Home / PRESS RELEASE: BCCLA reacts to Supreme Court of Canada decision to uphold privacy rights but expand police search power

PRESS RELEASE: BCCLA reacts to Supreme Court of Canada decision to uphold privacy rights but expand police search power

FOR IMMEDIATE RELEASE

Ottawa, ON (unceded Algonquin Anishinaabeg traditional territory) – The BC Civil Liberties Association (BCCLA) welcomes, in part, today’s decision of the Supreme Court of Canada in R v Campbell, 2024 SCC 42. On one hand, we are relieved the majority for the Court affirmed individuals should expect a reasonable expectation of privacy in their text messages. On the other hand, we are disappointed that the majority widened the boundaries of exigent circumstances to justify the warrantless search conducted by the police.
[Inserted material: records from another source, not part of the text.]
(* Let $A \in \mathbb{R}^{m\times n}$ satisfy the strong null space property (sNSP) of order $s$ (defined in the context). Let $\mathbf{b} \in \mathbb{R}^m$ with $\mathbf{b} \neq \mathbf{0}$, and let $\mathbf{x} \in \mathbb{R}^n$ be an $s$-sparse vector (i.e. $\|\mathbf{x}\|_0 \le s$) with $A\mathbf{x} = \mathbf{b}$. Then $\mathbf{x}$ is a local minimizer of $\|\cdot\|_1/\|\cdot\|_2$ on the affine set $\{\mathbf{z} : A\mathbf{z} = \mathbf{b}\}$: there exists $t^* > 0$ such that for every $\mathbf{v} \in \ker(A)$ with $0 < \|\mathbf{v}\|_2 \le t^*$, $$\frac{\|\mathbf{x}\|_1}{\|\mathbf{x}\|_2} \le \frac{\|\mathbf{x}+\mathbf{v}\|_1}{\|\mathbf{x}+\mathbf{v}\|_2}.$$
   Context: Notation: $[n] = \{1,\dots,n\}$. For $S \subset [n]$, $\bar S = [n]\setminus S$. For $\mathbf{x} \in \mathbb{R}^n$, $\mathbf{x}_S \in \mathbb{R}^n$ has entries $(\mathbf{x}_S)_i = x_i$ if $i \in S$ and $0$ otherwise. $\|\mathbf{x}\|_0$ is the number of nonzero entries of $\mathbf{x}$. $\ker(A) = \{\mathbf{x} : A\mathbf{x} = \mathbf{0}\}$. Definition (sNSP): $A \in \mathbb{R}^{m\times n}$ satisfies the strong null space property of order $s$ if $(s+1)\|\mathbf{v}_S\|_1 \le \|\mathbf{v}_{\bar S}\|_1$ for all $\mathbf{v} \in \ker(A)\setminus\{\mathbf{0}\}$ and all $S \subset [n]$ with $|S| \le s$. *)

theory Defs
  imports "HOL-Analysis.Analysis"
begin

text \<open>Vectors in R^n are real^'n (finite index type 'n); matrices A in R^(m x n) are real^'n^'m.
  The Euclidean (l2) norm of real^'n is the library norm.\<close>

definition l1norm :: "real ^ 'n \<Rightarrow> real" where
  "l1norm x = (\<Sum>i\<in>UNIV. \<bar>x $ i\<bar>)"

definition l0norm :: "real ^ 'n \<Rightarrow> nat" where
  "l0norm x = card {i. x $ i \<noteq> 0}"

definition restr :: "'n set \<Rightarrow> real ^ 'n \<Rightarrow> real ^ 'n" where
  "restr S x = (\<chi> i. if i \<in> S then x $ i else 0)"

definition sNSP :: "real ^ 'n ^ 'm \<Rightarrow> nat \<Rightarrow> bool" where
  "sNSP A s \<longleftrightarrow> (\<forall>v. A *v v = 0 \<and> v \<noteq> 0 \<longrightarrow>
     (\<forall>S. card S \<le> s \<longrightarrow>
        (real s + 1) * l1norm (restr S v) \<le> l1norm (restr (- S) v)))"

end

theory Submission
  imports Defs
begin

text \<open>Write \<open>a = \<parallel>x\<parallel>\<^sub>1\<close>, \<open>c = \<parallel>x\<parallel>\<^sub>2\<close>, \<open>S\<close> for the support of \<open>x\<close>, and for
  \<open>v \<in> ker A\<close> put \<open>p = \<parallel>v\<^sub>S\<parallel>\<^sub>1\<close>, \<open>q = \<parallel>v\<^sub>S\<^sub>\<bar>\<parallel>\<^sub>1\<close>, so that \<open>(s+1) p \<le> q\<close> by the sNSP.
  Then \<open>\<parallel>x+v\<parallel>\<^sub>1 \<ge> a + \<sigma> + q\<close> with \<open>\<sigma> = \<Sum> sgn(x\<^sub>i) v\<^sub>i\<close>, while
  \<open>\<parallel>x+v\<parallel>\<^sub>2\<^sup>2 = c\<^sup>2 + 2\<langle>x,v\<rangle> + \<parallel>v\<parallel>\<^sub>2\<^sup>2\<close>. Cauchy-Schwarz on the support gives
  \<open>a |x\<^sub>i| \<le> s c\<^sup>2\<close>, hence \<open>c\<^sup>2 \<sigma> - a\<langle>x,v\<rangle> \<ge> -s c\<^sup>2 p\<close>: to first order the ratio
  \<open>\<parallel>\<cdot>\<parallel>\<^sub>1/\<parallel>\<cdot>\<parallel>\<^sub>2\<close> grows by a multiple of \<open>q - s p \<ge> q/(s+1)\<close>. For
  \<open>\<parallel>v\<parallel>\<^sub>2 \<le> c\<^sup>2/(a(s+1))\<close> this margin also absorbs the quadratic term, since
  \<open>\<parallel>v\<parallel>\<^sub>2\<^sup>2 \<le> \<parallel>v\<parallel>\<^sub>2 (p + q) \<le> 2 \<parallel>v\<parallel>\<^sub>2 q\<close>.\<close>

lemma l1norm_restr: "l1norm (restr S v) = (\<Sum>i\<in>S. \<bar>v $ i\<bar>)"
  unfolding l1norm_def restr_def by (simp add: if_distrib sum.If_cases)

lemma l1norm_restr_add_restr_Compl:
  "l1norm v = l1norm (restr S v) + l1norm (restr (- S) v)"
  unfolding l1norm_restr unfolding l1norm_def
  using sum.Int_Diff[of UNIV _ S] by (simp add: Compl_eq_Diff_UNIV)

lemma l0norm_eq_0_iff: "l0norm x = 0 \<longleftrightarrow> x = 0"
  unfolding l0norm_def by (auto simp: vec_eq_iff)

lemma norm_le_l1norm: "norm x \<le> l1norm x"
  unfolding l1norm_def by (rule norm_le_l1_cart)

lemma l1norm_power2_le_l0norm: "l1norm x ^ 2 \<le> real (l0norm x) * norm x ^ 2"
proof -
  let ?S = "{i. x $ i \<noteq> 0}"
  have "l1norm x = (\<Sum>i\<in>?S. \<bar>x $ i\<bar>)"
    unfolding l1norm_def by (rule sum.mono_neutral_right) auto
  moreover have "(\<Sum>i\<in>?S. \<bar>x $ i\<bar> ^ 2) = norm x ^ 2"
    unfolding power2_norm_eq_inner inner_vec_def inner_real_def
    by (rule sum.mono_neutral_cong_left) (auto simp: power2_eq_square)
  ultimately show ?thesis
    using sum_squared_le_sum_of_squares[of "\<lambda>i. \<bar>x $ i\<bar>" ?S]
    unfolding l0norm_def by (simp add: mult.commute)
qed

lemma l1norm_mult_abs_component_le:
  assumes "l0norm x \<le> s"
  shows "l1norm x * \<bar>x $ i\<bar> \<le> real s * norm x ^ 2"
proof (cases "s = 0")
  case True
  then have "x = 0"
    using assms l0norm_eq_0_iff[of x] by simp
  then show ?thesis by (simp add: l1norm_def)
next
  case False
  let ?k = "real s * norm x ^ 2"
  have "l1norm x ^ 2 \<le> ?k"
    using l1norm_power2_le_l0norm[of x] assms
    by (meson mult_right_mono of_nat_le_iff order_trans zero_le_power2)
  moreover have "\<bar>x $ i\<bar> ^ 2 \<le> norm x ^ 2"
    using power_mono[OF component_le_norm_cart[of x i], of 2] by simp
  ultimately have "(l1norm x * \<bar>x $ i\<bar>) ^ 2 \<le> ?k * norm x ^ 2"
    unfolding power_mult_distrib by (rule mult_mono) auto
  also have "\<dots> \<le> ?k * ?k"
    using False mult_right_mono[of 1 "real s" "norm x ^ 2"] by (intro mult_left_mono) auto
  finally have "(l1norm x * \<bar>x $ i\<bar>) ^ 2 \<le> ?k ^ 2"
    by (simp only: power2_eq_square)
  then show ?thesis
    by (rule power2_le_imp_le) simp
qed

lemma l1norm_add_ge:
  "l1norm x + (\<Sum>i\<in>UNIV. sgn (x $ i) * v $ i) + l1norm (restr {i. x $ i = 0} v)
     \<le> l1norm (x + v)"
  unfolding l1norm_def restr_def sum.distrib[symmetric]
  by (rule sum_mono) (auto simp: abs_if sgn_if)

lemma sum_sgn_mult_ge: "- l1norm (restr {i. x $ i \<noteq> 0} v) \<le> (\<Sum>i\<in>UNIV. sgn (x $ i) * v $ i)"
  unfolding l1norm_def restr_def sum_negf[symmetric]
  by (rule sum_mono) (auto simp: abs_if sgn_if)

lemma abs_mult_sgn_diff_le:
  fixes a c k y :: real
  assumes "0 \<le> c" "c \<le> k" "0 \<le> a * \<bar>y\<bar>" "a * \<bar>y\<bar> \<le> k"
  shows "\<bar>c * sgn y - a * y\<bar> \<le> k"
  using assms by (cases y "0::real" rule: linorder_cases) (auto simp: abs_le_iff)

text \<open>The right-hand side is \<open>c\<^sup>3\<close> times the directional derivative of \<open>\<parallel>\<cdot>\<parallel>\<^sub>1/\<parallel>\<cdot>\<parallel>\<^sub>2\<close> at
  \<open>x\<close> along \<open>v\<^sub>S\<close>; each of its coefficients \<open>c\<^sup>2 sgn x\<^sub>i - a x\<^sub>i\<close> is a difference of two
  numbers of the same sign in \<open>[0, s c\<^sup>2]\<close>.\<close>

lemma l1_l2_ratio_derivative_support_ge:
  assumes "l0norm x \<le> s"
  shows "- (real s * norm x ^ 2) * l1norm (restr {i. x $ i \<noteq> 0} v)
           \<le> norm x ^ 2 * (\<Sum>i\<in>UNIV. sgn (x $ i) * v $ i) - l1norm x * (x \<bullet> v)"
proof -
  let ?k = "real s * norm x ^ 2"
  have coeff: "\<bar>norm x ^ 2 * sgn (x $ i) - l1norm x * x $ i\<bar> \<le> ?k" if "x $ i \<noteq> 0" for i
  proof -
    have "l1norm x * \<bar>x $ i\<bar> \<le> ?k"
      using assms by (rule l1norm_mult_abs_component_le)
    moreover have "norm x ^ 2 \<le> ?k"
    proof -
      have "1 \<le> l0norm x"
        using that l0norm_eq_0_iff[of x] by (auto simp: Suc_le_eq)
      with assms show ?thesis
        using mult_right_mono[of 1 "real s" "norm x ^ 2"] by simp
    qed
    moreover have "0 \<le> l1norm x * \<bar>x $ i\<bar>"
      unfolding l1norm_def by (simp add: sum_nonneg)
    ultimately show ?thesis
      by (intro abs_mult_sgn_diff_le) auto
  qed
  have "- ?k * l1norm (restr {i. x $ i \<noteq> 0} v)
          = (\<Sum>i\<in>UNIV. - ?k * (if x $ i \<noteq> 0 then \<bar>v $ i\<bar> else 0))"
    unfolding l1norm_def restr_def sum_distrib_left by (simp add: if_distrib)
  also have "\<dots> \<le> (\<Sum>i\<in>UNIV. (norm x ^ 2 * sgn (x $ i) - l1norm x * x $ i) * v $ i)"
  proof (rule sum_mono)
    fix i
    have "\<bar>(norm x ^ 2 * sgn (x $ i) - l1norm x * x $ i) * v $ i\<bar> \<le> ?k * \<bar>v $ i\<bar>"
      if "x $ i \<noteq> 0"
      unfolding abs_mult using coeff[OF that] by (rule mult_right_mono) simp
    then show "- ?k * (if x $ i \<noteq> 0 then \<bar>v $ i\<bar> else 0)
                 \<le> (norm x ^ 2 * sgn (x $ i) - l1norm x * x $ i) * v $ i"
      by (cases "x $ i = 0") (auto simp: abs_le_iff)
  qed
  also have "\<dots> = norm x ^ 2 * (\<Sum>i\<in>UNIV. sgn (x $ i) * v $ i) - l1norm x * (x \<bullet> v)"
    unfolding inner_vec_def sum_distrib_left sum_subtractf[symmetric]
    by (rule sum.cong) (auto simp: algebra_simps)
  finally show ?thesis .
qed

lemma l1_l2_ratio_le_of_gain:
  fixes a c g L N :: real
  assumes "0 < a" "0 < c" "0 < N" "0 \<le> g" "a + g \<le> L"
    and "a * (N ^ 2 - c ^ 2) \<le> 2 * c ^ 2 * g"
  shows "a / c \<le> L / N"
proof -
  have "(a * N) ^ 2 = a ^ 2 * c ^ 2 + a * (a * (N ^ 2 - c ^ 2))"
    by (simp add: power2_eq_square algebra_simps)
  also have "\<dots> \<le> a ^ 2 * c ^ 2 + a * (2 * c ^ 2 * g)"
    using assms(1,6) by simp
  also have "\<dots> \<le> (c * (a + g)) ^ 2"
    using zero_le_power2[of "c * g"] by (simp add: power2_eq_square algebra_simps)
  also have "\<dots> \<le> (c * L) ^ 2"
  proof (rule power_mono)
    show "c * (a + g) \<le> c * L"
      using assms(2,5) by simp
  qed (use assms(1,2,4) in simp)
  finally have "a * N \<le> c * L"
    by (rule power2_le_imp_le) (use assms(1,2,4,5) in simp)
  then show ?thesis
    using assms(2,3) by (simp add: divide_le_eq le_divide_eq mult.commute)
qed

lemma l1_l2_radius_le_half_norm:
  assumes "x \<noteq> 0" "l0norm x \<le> s"
  shows "norm x ^ 2 / (l1norm x * (real s + 1)) \<le> norm x / 2"
proof -
  have "1 \<le> s"
    using assms l0norm_eq_0_iff[of x] by simp
  have c: "0 < norm x"
    using assms(1) by simp
  then have a: "0 < l1norm x"
    using norm_le_l1norm[of x] by linarith
  have "norm x ^ 2 / (l1norm x * (real s + 1)) \<le> norm x ^ 2 / (2 * l1norm x)"
    by (rule divide_left_mono) (use a \<open>1 \<le> s\<close> in auto)
  also have "\<dots> \<le> norm x / 2"
  proof -
    have "c' ^ 2 / (2 * a') \<le> c' / 2" if "0 < c'" "c' \<le> a'" for a' c' :: real
      using that by (simp add: divide_le_eq power2_eq_square mult_left_mono)
    then show ?thesis
      using norm_le_l1norm[of x] c by blast
  qed
  finally show ?thesis .
qed

lemma mult_square_le_nsp_margin:
  fixes a c p q w :: real and s :: nat
  assumes "0 < a" "(real s + 1) * p \<le> q" "0 \<le> p" "0 \<le> w" "w \<le> p + q"
    and "w \<le> c ^ 2 / (a * (real s + 1))"
  shows "a * w ^ 2 \<le> 2 * c ^ 2 * (q - real s * p)"
proof -
  have "p \<le> (real s + 1) * p"
    using assms(3) by (simp add: distrib_right)
  with assms(2) have "p \<le> q" by linarith
  have "w ^ 2 \<le> c ^ 2 / (a * (real s + 1)) * (p + q)"
    unfolding power2_eq_square[of w] by (rule mult_mono) (use assms in auto)
  also have "\<dots> \<le> c ^ 2 / (a * (real s + 1)) * (2 * q)"
    by (rule mult_left_mono) (use \<open>p \<le> q\<close> assms(1) in auto)
  finally have "a * w ^ 2 \<le> a * (c ^ 2 / (a * (real s + 1)) * (2 * q))"
    by (rule mult_left_mono) (use assms(1) in simp)
  also have "\<dots> = 2 * c ^ 2 * (q / (real s + 1))"
    using assms(1) by simp
  also have "\<dots> \<le> 2 * c ^ 2 * (q - real s * p)"
  proof (rule mult_left_mono)
    have "real s * ((real s + 1) * p) \<le> real s * q"
      using assms(2) by (rule mult_left_mono) simp
    then have "q \<le> (real s + 1) * (q - real s * p)"
      by (simp add: algebra_simps)
    then show "q / (real s + 1) \<le> q - real s * p"
      by (simp add: divide_le_eq mult.commute)
  qed simp
  finally show ?thesis .
qed

lemma l1_l2_ratio_le_add:
  fixes x v :: "real ^ 'n"
  assumes "x \<noteq> 0" and sparse: "l0norm x \<le> s"
    and nsp: "(real s + 1) * l1norm (restr {i. x $ i \<noteq> 0} v) \<le> l1norm (restr {i. x $ i = 0} v)"
    and small: "norm v \<le> norm x ^ 2 / (l1norm x * (real s + 1))"
  shows "l1norm x / norm x \<le> l1norm (x + v) / norm (x + v)"
proof -
  define a c p q \<sigma> where "a = l1norm x" and "c = norm x"
    and "p = l1norm (restr {i. x $ i \<noteq> 0} v)" and "q = l1norm (restr {i. x $ i = 0} v)"
    and "\<sigma> = (\<Sum>i\<in>UNIV. sgn (x $ i) * v $ i)"
  have c: "0 < c" using assms(1) by (simp add: c_def)
  then have a: "0 < a" using norm_le_l1norm[of x] unfolding a_def c_def by linarith
  have nsp': "(real s + 1) * p \<le> q"
    using nsp unfolding p_def q_def .
  have small': "norm v \<le> c ^ 2 / (a * (real s + 1))"
    using small unfolding a_def c_def .
  have p: "0 \<le> p" unfolding p_def l1norm_def by (simp add: sum_nonneg)
  then have "p \<le> (real s + 1) * p" by (simp add: distrib_right)
  with nsp' have "p \<le> q" by linarith
  have "norm v \<le> l1norm v"
    by (rule norm_le_l1norm)
  also have "\<dots> = p + q"
    unfolding p_def q_def l1norm_restr_add_restr_Compl[of v "{i. x $ i \<noteq> 0}"]
    by (simp add: Collect_neg_eq[symmetric])
  finally have "norm v \<le> p + q" .
  have "x + v \<noteq> 0"
  proof
    assume "x + v = 0"
    then have "norm v = c"
      unfolding c_def by (metis add_eq_0_iff norm_minus_cancel)
    with small l1_l2_radius_le_half_norm[OF assms(1) sparse] c show False
      unfolding c_def by simp
  qed
  then have N: "0 < norm (x + v)" by simp
  have gain: "a + (\<sigma> + q) \<le> l1norm (x + v)"
    using l1norm_add_ge[of x v] unfolding a_def \<sigma>_def q_def by simp
  have "0 \<le> \<sigma> + q"
    using sum_sgn_mult_ge[of x v] \<open>p \<le> q\<close> unfolding \<sigma>_def p_def by simp
  have "a * norm v ^ 2 \<le> 2 * c ^ 2 * (q - real s * p)"
    using mult_square_le_nsp_margin[OF a nsp' p _ \<open>norm v \<le> p + q\<close> small'] by simp
  moreover have "- (real s * c ^ 2) * p \<le> c ^ 2 * \<sigma> - a * (x \<bullet> v)"
    using l1_l2_ratio_derivative_support_ge[OF sparse] unfolding a_def c_def p_def \<sigma>_def .
  moreover have "norm (x + v) ^ 2 - c ^ 2 = 2 * (x \<bullet> v) + norm v ^ 2"
    unfolding c_def power2_norm_eq_inner by (simp add: inner_add inner_commute)
  ultimately have "a * (norm (x + v) ^ 2 - c ^ 2) \<le> 2 * c ^ 2 * (\<sigma> + q)"
    by (simp add: algebra_simps)
  from l1_l2_ratio_le_of_gain[OF a c N \<open>0 \<le> \<sigma> + q\<close> gain this]
  show ?thesis unfolding a_def c_def .
qed

theorem theorem2p1:
  fixes A :: "real ^ 'n ^ 'm" and b :: "real ^ 'm" and x :: "real ^ 'n" and s :: nat
  assumes "sNSP A s" and "b \<noteq> 0" and "l0norm x \<le> s" and "A *v x = b"
  shows "\<exists>t>0. \<forall>v. A *v v = 0 \<and> 0 < norm v \<and> norm v \<le> t \<longrightarrow>
           l1norm x / norm x \<le> l1norm (x + v) / norm (x + v)"
proof -
  have "x \<noteq> 0" using assms(2,4) by auto
  then have "0 < l1norm x"
    using norm_le_l1norm[of x] by (metis less_le_trans zero_less_norm_iff)
  define t where "t = norm x ^ 2 / (l1norm x * (real s + 1))"
  show ?thesis
  proof (intro exI[of _ t] conjI allI impI)
    show "0 < t"
      unfolding t_def using \<open>x \<noteq> 0\<close> \<open>0 < l1norm x\<close> by simp
    fix v
    assume v: "A *v v = 0 \<and> 0 < norm v \<and> norm v \<le> t"
    then have "(real s + 1) * l1norm (restr {i. x $ i \<noteq> 0} v)
                 \<le> l1norm (restr (- {i. x $ i \<noteq> 0}) v)"
      using assms(1,3) unfolding sNSP_def l0norm_def by auto
    moreover have "- {i. x $ i \<noteq> 0} = {i. x $ i = 0}" by auto
    ultimately show "l1norm x / norm x \<le> l1norm (x + v) / norm (x + v)"
      using l1_l2_ratio_le_add[OF \<open>x \<noteq> 0\<close> assms(3)] v unfolding t_def by simp
  qed
qed

end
This case arises out of a situation where the police lawfully seized the phone of a known drug dealer and subsequently observed text messages that appeared on the locked screen indicating a potential drug transaction involving fentanyl. In response, and without a warrant, the police decided to use the phone and impersonate the dealer to carry out the transaction. Hours later, the Appellant, Dywane Alexander Campbell arrived at the arranged drop off location with the drugs and was arrested. His phone containing the complete exchange of text messages with the dealer was seized as evidence.
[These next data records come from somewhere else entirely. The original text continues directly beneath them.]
theorem proposition2:
  assumes "CARD('p) \<ge> 2"
  shows "\<exists>g :: real \<Rightarrow> real \<Rightarrow> real.
    \<forall>(S :: real^'p^'p) (j :: 'p) (n :: nat) (M :: 'a measure) (X :: nat \<Rightarrow> 'a \<Rightarrow> real^'p).
      pos_def_mat S \<and> n \<ge> 1 \<and> prob_space M \<and>
      prob_space.indep_vars M (\<lambda>_. borel) X {..<n} \<and>
      (\<forall>i<n. distributed M lborel (X i) (\<lambda>x. ennreal (mvn_density S x)))
      \<longrightarrow>
      prob_space.expectation M (\<lambda>\<omega>. (phi_RML S n (\<lambda>i. X i \<omega>) j - phi_star S j)\<^sup>2)
        \<ge> ((phi_star S j)\<^sup>2 + phi_star S j * S $ j $ j) / real n
           - g (phi_star S j) (S $ j $ j) / real n powr (3/2)"
proof (intro exI[of _ "\<lambda>\<phi> \<Sigma>. (420 * \<Sigma> ^ 4 + 428 * \<phi> ^ 4 + 3 * (\<phi>\<^sup>2 + \<phi> * \<Sigma>)\<^sup>2) / \<phi>\<^sup>2"]
    allI impI, elim conjE)
  fix S :: "real^'p^'p" and j n and M :: "'a measure" and X :: "nat \<Rightarrow> 'a \<Rightarrow> real^'p"
  assume S: "pos_def_mat S" and "n \<ge> 1" and "prob_space M"
    and indep: "prob_space.indep_vars M (\<lambda>_. borel) X {..<n}"
    and X: "\<forall>i<n. distributed M lborel (X i) (\<lambda>x. ennreal (mvn_density S x))"
  interpret prob_space M by fact
  \<comment> \<open>The bound holds in every dimension.\<close>
  define \<phi> \<Sigma> where "\<phi> = phi_star S j" and "\<Sigma> = S $ j $ j"
  define T where "T \<omega> = (1 / real n) * (\<Sum>i<n. X i \<omega> $ j * (column j (B_star S) \<bullet> X i \<omega>))" for \<omega>
  define C where "C = 420 * \<Sigma> ^ 4 + 428 * \<phi> ^ 4 + 3 * (\<phi>\<^sup>2 + \<phi> * \<Sigma>)\<^sup>2"
  note mean = regression_sample_mean_moments[OF S \<open>n \<ge> 1\<close> indep X[rule_format], where j = j,
      folded T_def \<phi>_def \<Sigma>_def C_def]
  have "\<phi> > 0" unfolding \<phi>_def by (rule phi_star_pos[OF S])
  have "expectation (\<lambda>\<omega>. (T \<omega> - \<phi>) ^ 4) \<le> C / n powr (3/2)"
    using mean(4) divide_square_le_divide_powr[OF _ \<open>n \<ge> 1\<close>, of C] by (simp add: C_def)
  then have "expectation (\<lambda>\<omega>. (T \<omega> - \<phi>) ^ 4) / \<phi>\<^sup>2 \<le> C / n powr (3/2) / \<phi>\<^sup>2"
    by (rule divide_right_mono) simp
  then have "(\<phi>\<^sup>2 + \<phi> * \<Sigma>) / n - C / n powr (3/2) / \<phi>\<^sup>2
      \<le> expectation (\<lambda>\<omega>. (T \<omega> - \<phi>)\<^sup>2) - expectation (\<lambda>\<omega>. (T \<omega> - \<phi>) ^ 4) / \<phi>\<^sup>2"
    using mean(3) by linarith
  also have "\<dots> \<le> expectation (\<lambda>\<omega>. (phi_RML S n (\<lambda>i. X i \<omega>) j - \<phi>)\<^sup>2)"
    using truncation_risk_lower_bound[OF mean(1,2) \<open>\<phi> > 0\<close>]
    by (simp add: phi_RML_eq_truncated_mean T_def)
  finally show "((phi_star S j)\<^sup>2 + phi_star S j * S $ j $ j) / real n
      - (\<lambda>\<phi> \<Sigma>. (420 * \<Sigma> ^ 4 + 428 * \<phi> ^ 4 + 3 * (\<phi>\<^sup>2 + \<phi> * \<Sigma>)\<^sup>2) / \<phi>\<^sup>2) (phi_star S j) (S $ j $ j)
          / real n powr (3/2)
      \<le> expectation (\<lambda>\<omega>. (phi_RML S n (\<lambda>i. X i \<omega>) j - phi_star S j)\<^sup>2)"
    by (simp add: C_def \<phi>_def \<Sigma>_def mult.commute)
qed

end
The BCCLA intervened in this case to argue that police must respect the strict boundaries articulated by the common law doctrine of exigent circumstances to shield the doctrine from police misuse and abuse. Warrantless searches should only be conducted when there is a bona fide emergency marked by a significant degree of immediacy that overrides an individual’s privacy rights and the state’s obligation to apply for a warrant. The doctrine does not permit the police to create or maintain an urgent circumstance to skirt the prior judicial authorization process.

The BCCLA also argued that the public health emergency created by the opioid crisis should not dominate a framework that is meant to afford a rare exception to the requirement for a warrant under s. 8 of the Charter. The risk that fentanyl may end up on the streets at some unknown point in time is not, in and of itself, an imminent threat within the intentionally narrow corridors of exigent circumstances.
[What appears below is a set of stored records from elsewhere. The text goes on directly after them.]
lemma row_sum_moment2: "expectation (\<lambda>\<omega>. (row_sum k \<omega>)\<^sup>2) = real k * tvar k"
proof -
  have "expectation (\<lambda>\<omega>. (row_sum k \<omega>)\<^sup>2) = (\<Sum>p\<in>row_indices k. expectation (\<lambda>\<omega>. (entry k p \<omega>)\<^sup>2))"
    unfolding row_sum_def by (intro second_moment_centred_sum finite_row entries_centred)
  also have "\<dots> = (\<Sum>p\<in>row_indices k. tvar k)" by (intro sum.cong) (auto simp: entry_second_moment)
  finally show ?thesis by (simp add: card_row)
qed

lemma row_sum_mean: "expectation (row_sum k) = 0"
  unfolding row_sum_def using entries_centred by (rule centred_family_sum)

lemma row_sum_moment4:
  "expectation (\<lambda>\<omega>. (row_sum k \<omega>)^4)
     \<le> real k * (8 * (tfourth k + (tmean k)^4)) + 3 * (real k)\<^sup>2 * (\<sigma>\<^sup>2)\<^sup>2"
  using fourth_moment_centred_sum_le[OF finite_row entries_centred zero_le_power2[of \<sigma>] _
      entry_fourth_moment]
  by (simp add: row_sum_def card_row entry_second_moment tvar_le)

lemma row_sum_moment3:
  "expectation (\<lambda>\<omega>. \<bar>row_sum k \<omega>\<bar>^3)
     \<le> 3 * real k * sqrt (real k * \<sigma>\<^sup>2) * \<sigma>\<^sup>2 + 3 * real k * (4 * (tabs3 k + \<bar>tmean k\<bar>^3))"
  using third_abs_moment_centred_sum_le[OF finite_row entries_centred zero_le_power2[of \<sigma>] _
      entry_third_moment]
  by (simp add: row_sum_def card_row entry_second_moment tvar_le)

lemma tmean_pow_le: "k \<ge> 1 \<Longrightarrow> \<bar>tmean k\<bar>^n \<le> \<sigma>^n / (real k)\<^sup>2" if "n \<ge> 2"
proof -
  assume k: "k \<ge> 1"
  have "\<bar>tmean k\<bar>^n \<le> (\<sigma> / real k)^n" using tmean_bound[OF k] by (intro power_mono) auto
  also have "\<dots> = \<sigma>^n / (real k)^n" by (simp add: power_divide)
  also have "\<dots> \<le> \<sigma>^n / (real k)\<^sup>2"
    using k that sigma_nonneg by (intro divide_left_mono power_increasing mult_pos_pos) auto
  finally show ?thesis .
qed

lemma trunc_row_mean_moment2:
  assumes k: "k \<ge> 1"
  shows "expectation (\<lambda>\<omega>. (trunc_row_mean k \<omega>)\<^sup>2) = tvar k / real k + (tmean k)\<^sup>2"
proof -
  have "expectation (\<lambda>\<omega>. (trunc_row_mean k \<omega>)\<^sup>2)
      = expectation (\<lambda>\<omega>. (row_sum k \<omega>)\<^sup>2 / (real k)\<^sup>2 + (2 * tmean k / real k) * row_sum k \<omega>
                         + (tmean k)\<^sup>2)"
    using k by (intro Bochner_Integration.integral_cong)
                (auto simp: trunc_row_mean_eq power2_eq_square field_simps)
  also have "\<dots> = expectation (\<lambda>\<omega>. (row_sum k \<omega>)\<^sup>2) / (real k)\<^sup>2
                  + (2 * tmean k / real k) * expectation (row_sum k) + (tmean k)\<^sup>2"
    by (simp add: prob_space integrable_bounded_on bounded_on_power row_sum_bounded)
  also have "\<dots> = real k * tvar k / (real k)\<^sup>2 + (tmean k)\<^sup>2"
    by (simp add: row_sum_moment2 row_sum_mean)
  also have "\<dots> = tvar k / real k + (tmean k)\<^sup>2"
    using k by (simp add: power2_eq_square)
  finally show ?thesis .
qed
Veronica Martisius, BCCLA Staff Lawyer reacts:

“We’re relieved today that the Supreme Court of Canada has affirmed individuals’ reasonable expectation of privacy in their text conversations when it comes to police involvement. We’re also pleased that the dissenting Justices echoed our concerns around police accountability. They emphasized that the case law does not support a conclusion that the potential sale and subsequent use of a harmful drug constitutes urgency in the absence of a risk of imminent danger to police or public safety under the doctrine of exigent circumstances. They cautioned, and we agree, that this decision will authorize invasive and over-reaching police conduct.”

The BCCLA was represented by Daniel J. Song, K.C. of Pringle Law and BCCLA Staff Counsel, Veronica Martisius.